- _EXERCISE DETAILS_
Nothing may be dropped or added when the entries below are copied.

*** INPUT ***

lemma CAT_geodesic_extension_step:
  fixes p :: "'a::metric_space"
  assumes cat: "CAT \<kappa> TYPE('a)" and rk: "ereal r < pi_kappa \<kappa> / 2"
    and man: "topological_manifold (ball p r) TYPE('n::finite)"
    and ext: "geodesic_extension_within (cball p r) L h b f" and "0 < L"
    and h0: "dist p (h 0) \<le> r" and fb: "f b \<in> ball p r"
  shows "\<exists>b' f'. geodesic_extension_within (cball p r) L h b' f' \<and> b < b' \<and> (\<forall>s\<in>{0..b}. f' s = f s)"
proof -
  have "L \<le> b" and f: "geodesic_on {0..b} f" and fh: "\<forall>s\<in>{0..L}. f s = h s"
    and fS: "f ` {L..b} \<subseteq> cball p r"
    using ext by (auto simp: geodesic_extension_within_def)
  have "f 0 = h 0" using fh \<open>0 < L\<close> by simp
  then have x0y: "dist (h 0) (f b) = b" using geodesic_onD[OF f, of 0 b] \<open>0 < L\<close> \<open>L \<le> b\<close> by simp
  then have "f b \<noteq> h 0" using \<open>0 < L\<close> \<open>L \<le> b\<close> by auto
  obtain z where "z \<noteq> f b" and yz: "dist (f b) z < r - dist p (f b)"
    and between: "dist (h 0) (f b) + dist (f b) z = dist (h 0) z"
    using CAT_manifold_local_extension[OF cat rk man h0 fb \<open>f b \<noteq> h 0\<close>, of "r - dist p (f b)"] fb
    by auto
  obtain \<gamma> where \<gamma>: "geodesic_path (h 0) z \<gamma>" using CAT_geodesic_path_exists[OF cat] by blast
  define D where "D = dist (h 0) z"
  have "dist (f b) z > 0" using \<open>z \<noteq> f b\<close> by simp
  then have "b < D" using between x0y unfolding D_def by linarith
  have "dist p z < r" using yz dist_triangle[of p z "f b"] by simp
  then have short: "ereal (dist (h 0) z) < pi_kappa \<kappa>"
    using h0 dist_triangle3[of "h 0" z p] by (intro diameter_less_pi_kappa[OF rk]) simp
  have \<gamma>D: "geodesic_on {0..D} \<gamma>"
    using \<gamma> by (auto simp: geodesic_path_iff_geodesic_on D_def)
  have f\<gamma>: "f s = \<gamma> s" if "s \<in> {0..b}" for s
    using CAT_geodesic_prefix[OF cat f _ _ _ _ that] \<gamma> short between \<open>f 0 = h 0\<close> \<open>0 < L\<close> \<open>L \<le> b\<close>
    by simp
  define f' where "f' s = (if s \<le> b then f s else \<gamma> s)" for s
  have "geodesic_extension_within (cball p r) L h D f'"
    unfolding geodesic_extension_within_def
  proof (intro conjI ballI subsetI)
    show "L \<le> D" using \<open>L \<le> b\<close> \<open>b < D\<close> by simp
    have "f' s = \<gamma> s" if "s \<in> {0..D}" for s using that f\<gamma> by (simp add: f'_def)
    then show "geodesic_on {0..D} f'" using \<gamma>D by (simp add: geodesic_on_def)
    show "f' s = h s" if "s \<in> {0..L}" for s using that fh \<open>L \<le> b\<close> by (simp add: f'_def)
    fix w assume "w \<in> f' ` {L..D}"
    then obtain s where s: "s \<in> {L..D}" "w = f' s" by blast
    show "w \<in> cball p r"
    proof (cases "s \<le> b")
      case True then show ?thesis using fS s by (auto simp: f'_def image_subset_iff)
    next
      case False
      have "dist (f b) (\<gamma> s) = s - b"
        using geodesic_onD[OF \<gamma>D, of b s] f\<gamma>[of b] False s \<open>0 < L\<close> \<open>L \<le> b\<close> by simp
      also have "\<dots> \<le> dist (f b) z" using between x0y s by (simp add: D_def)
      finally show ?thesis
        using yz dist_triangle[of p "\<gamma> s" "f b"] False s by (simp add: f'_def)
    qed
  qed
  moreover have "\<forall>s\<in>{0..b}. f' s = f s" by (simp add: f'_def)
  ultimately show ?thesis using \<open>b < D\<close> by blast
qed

*** End of INPUT ***

- _RESPONSE AREA_
lemma CAT_geodesic_extension_step:
  fixes p :: "'a::metric_space"
  assumes cat: "CAT \<kappa> TYPE('a)" and rk: "ereal r < pi_kappa \<kappa> / 2"
    and man: "topological_manifold (ball p r) TYPE('n::finite)"
    and ext: "geodesic_extension_within (cball p r) L h b f" and "0 < L"
    and h0: "dist p (h 0) \<le> r" and fb: "f b \<in> ball p r"
  shows "\<exists>b' f'. geodesic_extension_within (cball p r) L h b' f' \<and> b < b' \<and> (\<forall>s\<in>{0..b}. f' s = f s)"
proof -
  have "L \<le> b" and f: "geodesic_on {0..b} f" and fh: "\<forall>s\<in>{0..L}. f s = h s"
    and fS: "f ` {L..b} \<subseteq> cball p r"
    using ext by (auto simp: geodesic_extension_within_def)
  have "f 0 = h 0" using fh \<open>0 < L\<close> by simp
  then have x0y: "dist (h 0) (f b) = b" using geodesic_onD[OF f, of 0 b] \<open>0 < L\<close> \<open>L \<le> b\<close> by simp
  then have "f b \<noteq> h 0" using \<open>0 < L\<close> \<open>L \<le> b\<close> by auto
  obtain z where "z \<noteq> f b" and yz: "dist (f b) z < r - dist p (f b)"
    and between: "dist (h 0) (f b) + dist (f b) z = dist (h 0) z"
    using CAT_manifold_local_extension[OF cat rk man h0 fb \<open>f b \<noteq> h 0\<close>, of "r - dist p (f b)"] fb
    by auto
  obtain \<gamma> where \<gamma>: "geodesic_path (h 0) z \<gamma>" using CAT_geodesic_path_exists[OF cat] by blast
  define D where "D = dist (h 0) z"
  have "dist (f b) z > 0" using \<open>z \<noteq> f b\<close> by simp
  then have "b < D" using between x0y unfolding D_def by linarith
  have "dist p z < r" using yz dist_triangle[of p z "f b"] by simp
  then have short: "ereal (dist (h 0) z) < pi_kappa \<kappa>"
    using h0 dist_triangle3[of "h 0" z p] by (intro diameter_less_pi_kappa[OF rk]) simp
  have \<gamma>D: "geodesic_on {0..D} \<gamma>"
    using \<gamma> by (auto simp: geodesic_path_iff_geodesic_on D_def)
  have f\<gamma>: "f s = \<gamma> s" if "s \<in> {0..b}" for s
    using CAT_geodesic_prefix[OF cat f _ _ _ _ that] \<gamma> short between \<open>f 0 = h 0\<close> \<open>0 < L\<close> \<open>L \<le> b\<close>
    by simp
  define f' where "f' s = (if s \<le> b then f s else \<gamma> s)" for s
  have "geodesic_extension_within (cball p r) L h D f'"
    unfolding geodesic_extension_within_def
  proof (intro conjI ballI subsetI)
    show "L \<le> D" using \<open>L \<le> b\<close> \<open>b < D\<close> by simp
    have "f' s = \<gamma> s" if "s \<in> {0..D}" for s using that f\<gamma> by (simp add: f'_def)
    then show "geodesic_on {0..D} f'" using \<gamma>D by (simp add: geodesic_on_def)
    show "f' s = h s" if "s \<in> {0..L}" for s using that fh \<open>L \<le> b\<close> by (simp add: f'_def)
    fix w assume "w \<in> f' ` {L..D}"
    then obtain s where s: "s \<in> {L..D}" "w = f' s" by blast
    show "w \<in> cball p r"
    proof (cases "s \<le> b")
      case True then show ?thesis using fS s by (auto simp: f'_def image_subset_iff)
    next
      case False
      have "dist (f b) (\<gamma> s) = s - b"
        using geodesic_onD[OF \<gamma>D, of b s] f\<gamma>[of b] False s \<open>0 < L\<close> \<open>L \<le> b\<close> by simp
      also have "\<dots> \<le> dist (f b) z" using between x0y s by (simp add: D_def)
      finally show ?thesis
        using yz dist_triangle[of p "\<gamma> s" "f b"] False s by (simp add: f'_def)
    qed
  qed
  moreover have "\<forall>s\<in>{0..b}. f' s = f s" by (simp add: f'_def)
  ultimately show ?thesis using \<open>b < D\<close> by blast
qed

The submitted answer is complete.